During German Chancellor Olaf Scholz’s visit to Brazil, the German leader indicated that both Berlin and Brasilia want “very rapid progress” toward concluding the agreement, whereas Lula said he hoped the deal could be signed “by the end of the current semester.”
However, EU-Brazil talks were almost canceled after Lula provoked widespread fury in Brussels by indicating that NATO weapons shipments to Ukraine were the main roadblocks to peace talks. Lula also called for the West to stop all military aid to Ukraine.
Having said that, pragmatism appeared to prevail, at least for the time being.

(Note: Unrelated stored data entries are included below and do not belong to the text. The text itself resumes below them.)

section \<open>Covering and packing\<close>

lemma Omega_bounds_VtY:
  assumes \<alpha>: "\<alpha> \<in> I" and \<kappa>: "\<kappa> \<in> convex hull (Y (\<alpha>, v, l))"
  shows "A v + l - 1 \<le> \<omega> (fst \<kappa>) + snd \<kappa> \<and> \<omega> (fst \<kappa>) + snd \<kappa> \<le> A v + l"
proof -
  define \<Omega> where "\<Omega> = (\<lambda>\<kappa>. \<omega> (fst \<kappa>) + snd \<kappa>)"
  have "linear \<Omega>"
    unfolding \<Omega>_def using linear_compose_add[OF linear_compose[OF linear_fst linear_\<omega>] linear_snd]
    by (simp add: o_def)
  then have "convex (\<Omega> -` {A v + l - 1 .. A v + l})" by (rule convex_linear_vimage) simp
  moreover have "Y (\<alpha>, v, l) \<subseteq> \<Omega> -` {A v + l - 1 .. A v + l}"
  proof
    fix \<rho> assume "\<rho> \<in> Y (\<alpha>, v, l)"
    then consider u where "u \<in> seg_le \<alpha> v" "\<rho> = up u l" | u where "u \<in> seg_ge \<alpha> v" "\<rho> = lo u l"
      unfolding VtY_eq by blast
    then show "\<rho> \<in> \<Omega> -` {A v + l - 1 .. A v + l}"
    proof cases
      case 1
      then have "A u \<le> A v" unfolding seg_le_def ordA_def by auto
      then show ?thesis using 1 A_fun_bounds[of \<omega> u] A_fun_bounds[of \<omega> v] unfolding \<Omega>_def A_fun_eq by simp
    next
      case 2
      then have "A v \<le> A u" unfolding seg_ge_def ordA_def by auto
      then show ?thesis using 2 A_fun_bounds[of \<omega> u] A_fun_bounds[of \<omega> v] unfolding \<Omega>_def A_fun_eq by simp
    qed
  qed
  ultimately have "convex hull (Y (\<alpha>, v, l)) \<subseteq> \<Omega> -` {A v + l - 1 .. A v + l}" by (simp add: hull_minimal)
  then show ?thesis using \<kappa> unfolding \<Omega>_def by auto
qed

lemma lower_set_successor:
  assumes \<alpha>: "\<alpha> \<in> I" and v: "v \<in> Vt \<alpha>" and w: "w \<in> Vt \<alpha>" and vw: "precA \<alpha> v w"
    and least: "\<And>x. x \<in> Vt \<alpha> \<Longrightarrow> precA \<alpha> v x \<Longrightarrow> x \<noteq> w \<Longrightarrow> precA \<alpha> w x"
  shows "{x\<in>Vt \<alpha>. precA \<alpha> x w} = insert v {x\<in>Vt \<alpha>. precA \<alpha> x v}"
proof -
  have "precA \<alpha> x v \<or> x = v" if "x \<in> Vt \<alpha>" "precA \<alpha> x w" for x
    using precA_cases[OF \<alpha> that(1) v] least[OF that(1)] precA_asym[OF \<alpha> that(1) w that(2)]
      precA_irrefl[OF \<alpha> w] that by metis
  then show ?thesis using v vw precA_trans[OF \<alpha> _ v w] by auto
qed

lemma lower_set_top:
  assumes \<alpha>: "\<alpha> \<in> I" and v: "v \<in> Vt \<alpha>" and top: "\<And>x. x \<in> Vt \<alpha> \<Longrightarrow> \<not> precA \<alpha> v x"
  shows "Vt \<alpha> = insert v {x\<in>Vt \<alpha>. precA \<alpha> x v}"
  using precA_cases[OF \<alpha> _ v] top v by blast

lemma mass_intervals_cover:
  assumes \<alpha>: "\<alpha> \<in> I" and nonneg: "\<And>w. w \<in> Vt \<alpha> \<Longrightarrow> 0 \<le> lam w" and sum1: "sum lam (Vt \<alpha>) = 1"
    and t: "0 \<le> t" "t \<le> 1"
  obtains v where "v \<in> Vt \<alpha>" "mass_below lam \<alpha> v \<le> t" "t \<le> mass_below lam \<alpha> v + lam v"
proof -
  note fin = finite_Vt[OF \<alpha>]
  note order = strict_total_precA[OF \<alpha>]
  define P where "P = {u\<in>Vt \<alpha>. mass_below lam \<alpha> u \<le> t}"
  have "Vt \<alpha> \<noteq> {}" using sum1 by auto
  then obtain v0 where v0: "v0 \<in> Vt \<alpha>" "\<And>x. x \<in> Vt \<alpha> \<Longrightarrow> x \<noteq> v0 \<Longrightarrow> precA \<alpha> v0 x"
    using strict_total_on_least[OF order fin _ subset_refl] by blast
  have "{x\<in>Vt \<alpha>. precA \<alpha> x v0} = {}"
    using v0 precA_asym[OF \<alpha> _ v0(1)] precA_irrefl[OF \<alpha> v0(1)] by blast
  then have "mass_below lam \<alpha> v0 = 0" unfolding mass_below_def by (simp only: sum.empty)
  then have "P \<noteq> {}" using v0 t unfolding P_def by auto
  moreover have P: "P \<subseteq> Vt \<alpha>" unfolding P_def by blast
  ultimately obtain v where "v \<in> P" and greatest: "\<And>u. u \<in> P \<Longrightarrow> u \<noteq> v \<Longrightarrow> precA \<alpha> u v"
    using strict_total_on_greatest[OF order finite_subset[OF P fin] _ P] by blast
  then have v: "v \<in> Vt \<alpha>" "mass_below lam \<alpha> v \<le> t" unfolding P_def by auto
  have "t \<le> mass_below lam \<alpha> v + lam v"
  proof (rule ccontr)
    assume less: "\<not> t \<le> mass_below lam \<alpha> v + lam v"
    show False
    proof (cases "\<exists>x\<in>Vt \<alpha>. precA \<alpha> v x")
      case False
      then have "sum lam (Vt \<alpha>) = mass_below lam \<alpha> v + lam v"
        using mass_below_insert[OF \<alpha> v(1)] lower_set_top[OF \<alpha> v(1)] by simp
      then show False using sum1 less t by simp
    next
      case True
      then have "{x\<in>Vt \<alpha>. precA \<alpha> v x} \<noteq> {}" by blast
      moreover have above: "{x\<in>Vt \<alpha>. precA \<alpha> v x} \<subseteq> Vt \<alpha>" by blast
      ultimately obtain w where w: "w \<in> Vt \<alpha>" "precA \<alpha> v w"
        and least: "\<And>x. x \<in> Vt \<alpha> \<Longrightarrow> precA \<alpha> v x \<Longrightarrow> x \<noteq> w \<Longrightarrow> precA \<alpha> w x"
        using strict_total_on_least[OF order finite_subset[OF above fin] _ above] by blast
      have "mass_below lam \<alpha> w = mass_below lam \<alpha> v + lam v"
        using mass_below_insert[OF \<alpha> v(1)] lower_set_successor[OF \<alpha> v(1) w least]
        unfolding mass_below_def by simp
      then have "w \<in> P" "w \<noteq> v" using w less precA_irrefl[OF \<alpha> v(1)] unfolding P_def by auto
      then show False using greatest precA_asym[OF \<alpha> v(1) w(1) w(2)] by blast
    qed
  qed
  then show thesis using that v by blast
qed
(* Let $(R,\mathfrak m)$ be a noetherian local ring, $\nu$ a valuation centered on $R$, and $R\to R^{(1)}$ a local blowing up with respect to $\nu$. If $\mathrm{Nil}(R)$ is the only associated prime ideal of $R$, then $\mathrm{Nil}(R^{(1)})$ is the only associated prime ideal of $R^{(1)}$.
   Context: All rings are commutative noetherian with $1$; $\mathrm{Nil}(A)$ denotes the nilradical of $A$. A valuation on a ring $R$ is a map $\nu:R\to\Gamma\cup\{\infty\}$ ($\Gamma$ an ordered abelian group) with $\nu(ab)=\nu(a)+\nu(b)$, $\nu(a+b)\ge\min\{\nu(a),\nu(b)\}$, $\nu(1)=0$, $\nu(0)=\infty$, whose support $\mathrm{supp}(\nu)=\{a:\nu(a)=\infty\}$ is a minimal prime ideal; it extends to localizations at multiplicative sets disjoint from the support via $\nu(a/s)=\nu(a)-\nu(s)$ and restricts to subrings, implicitly. $\nu$ has a center on $R$ if $\nu\ge0$ on $R$; its center is $\mathfrak C_\nu(R)=\{a:\nu(a)>0\}$. $\nu$ is centered on $(R,\mathfrak m)$ if $\nu\ge0$ on $R$ and $\nu>0$ on $\mathfrak m$. Local blowing up: for $b\in R\setminus\mathrm{supp}(\nu)$ let $J(b)=\bigcup_{i\ge1}\mathrm{ann}_R(b^i)$, so $R/J(b)\subseteq R_b$. Given $a_1,\ldots,a_r\in R$ with $\nu(a_i)\ge\nu(b)$, let $R'=(R/J(b))[a_1/b,\ldots,a_r/b]\subseteq R_b$ and $R^{(1)}=R'_{\mathfrak C_\nu(R')}$; the canonical map $R\to R^{(1)}$ is the local blowing up of $R$ with respect to $\nu$ along $(b,a_1,\ldots,a_r)$. *)

theory Defs
  imports "HOL-Algebra.Algebra"
begin

section \<open>Values in an ordered abelian group extended by infinity (None = infinity)\<close>

fun vplus :: "'g::linordered_ab_group_add option \<Rightarrow> 'g option \<Rightarrow> 'g option" where
  "vplus (Some x) (Some y) = Some (x + y)"
| "vplus _ _ = None"

definition vle :: "'g::linordered_ab_group_add option \<Rightarrow> 'g option \<Rightarrow> bool" where
  "vle x y \<longleftrightarrow> y = None \<or> (\<exists>a c. x = Some a \<and> y = Some c \<and> a \<le> c)"

definition vpos :: "'g::linordered_ab_group_add option \<Rightarrow> bool" where
  "vpos x \<longleftrightarrow> x = None \<or> (\<exists>a. x = Some a \<and> 0 < a)"

definition nilrad :: "('a, 'b) ring_scheme \<Rightarrow> 'a set" where
  "nilrad R = {a \<in> carrier R. \<exists>n::nat. a [^]\<^bsub>R\<^esub> n = \<zero>\<^bsub>R\<^esub>}"

definition ass_primes :: "('a, 'b) ring_scheme \<Rightarrow> 'a set set" where
  "ass_primes R = {P. primeideal P R \<and>
     (\<exists>x \<in> carrier R. P = {a \<in> carrier R. a \<otimes>\<^bsub>R\<^esub> x = \<zero>\<^bsub>R\<^esub>})}"

definition minimal_prime :: "'a set \<Rightarrow> ('a, 'b) ring_scheme \<Rightarrow> bool" where
  "minimal_prime P R \<longleftrightarrow> primeideal P R \<and> (\<forall>Q. primeideal Q R \<and> Q \<subseteq> P \<longrightarrow> Q = P)"

definition noeth_local_ring :: "('a, 'b) ring_scheme \<Rightarrow> 'a set \<Rightarrow> bool" where
  "noeth_local_ring R m \<longleftrightarrow> cring R \<and> noetherian_ring R \<and> maximalideal m R \<and>
     (\<forall>I. maximalideal I R \<longrightarrow> I = m)"

definition supp :: "('a, 'b) ring_scheme \<Rightarrow> ('a \<Rightarrow> 'g::linordered_ab_group_add option) \<Rightarrow> 'a set" where
  "supp R \<nu> = {a \<in> carrier R. \<nu> a = None}"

EU members tried to move forward with the deal, arguably due to geopolitical considerations that if the EU does not offer the Mercosur bloc appealing conditions to join the deal, Beijing could outbid the EU and position itself as an alternative, increasing Chinese economic and political clout in the region.
In April this year, a classified brief obtained by POLITICO revealed European efforts to win back its clout in four “priority countries,” in order to “isolate Russia, arm Ukraine and constrain China.”
The confidential document listed Brazil, Chile, Nigeria, and Kazakhstan as the primary countries to boost the EU’s diplomatic relations with, unveiling how the EU should try to advance ties with each nation, including customized strategies on topics such as migration, energy, security collaboration, and economic development.
During her visit to South America, von der Leyen was scheduled to visit Argentina, Chile, and Mexico, all of whom are considered key countries in the rising geopolitical competition between Brussels and Beijing.
After China, the EU is Mercosur’s second-largest trading partner. In 2021, European goods exports to Mercosur were valued at €45 billion, while Mercosur’s goods exports to the EU amounted to €43 billion. According to proponents of the agreement, a deal could arguably aid Mercosur’s meat and processed foods exporters and enable EU companies to enjoy better access in the automotive, pharmaceutical, chemical, and textile fields.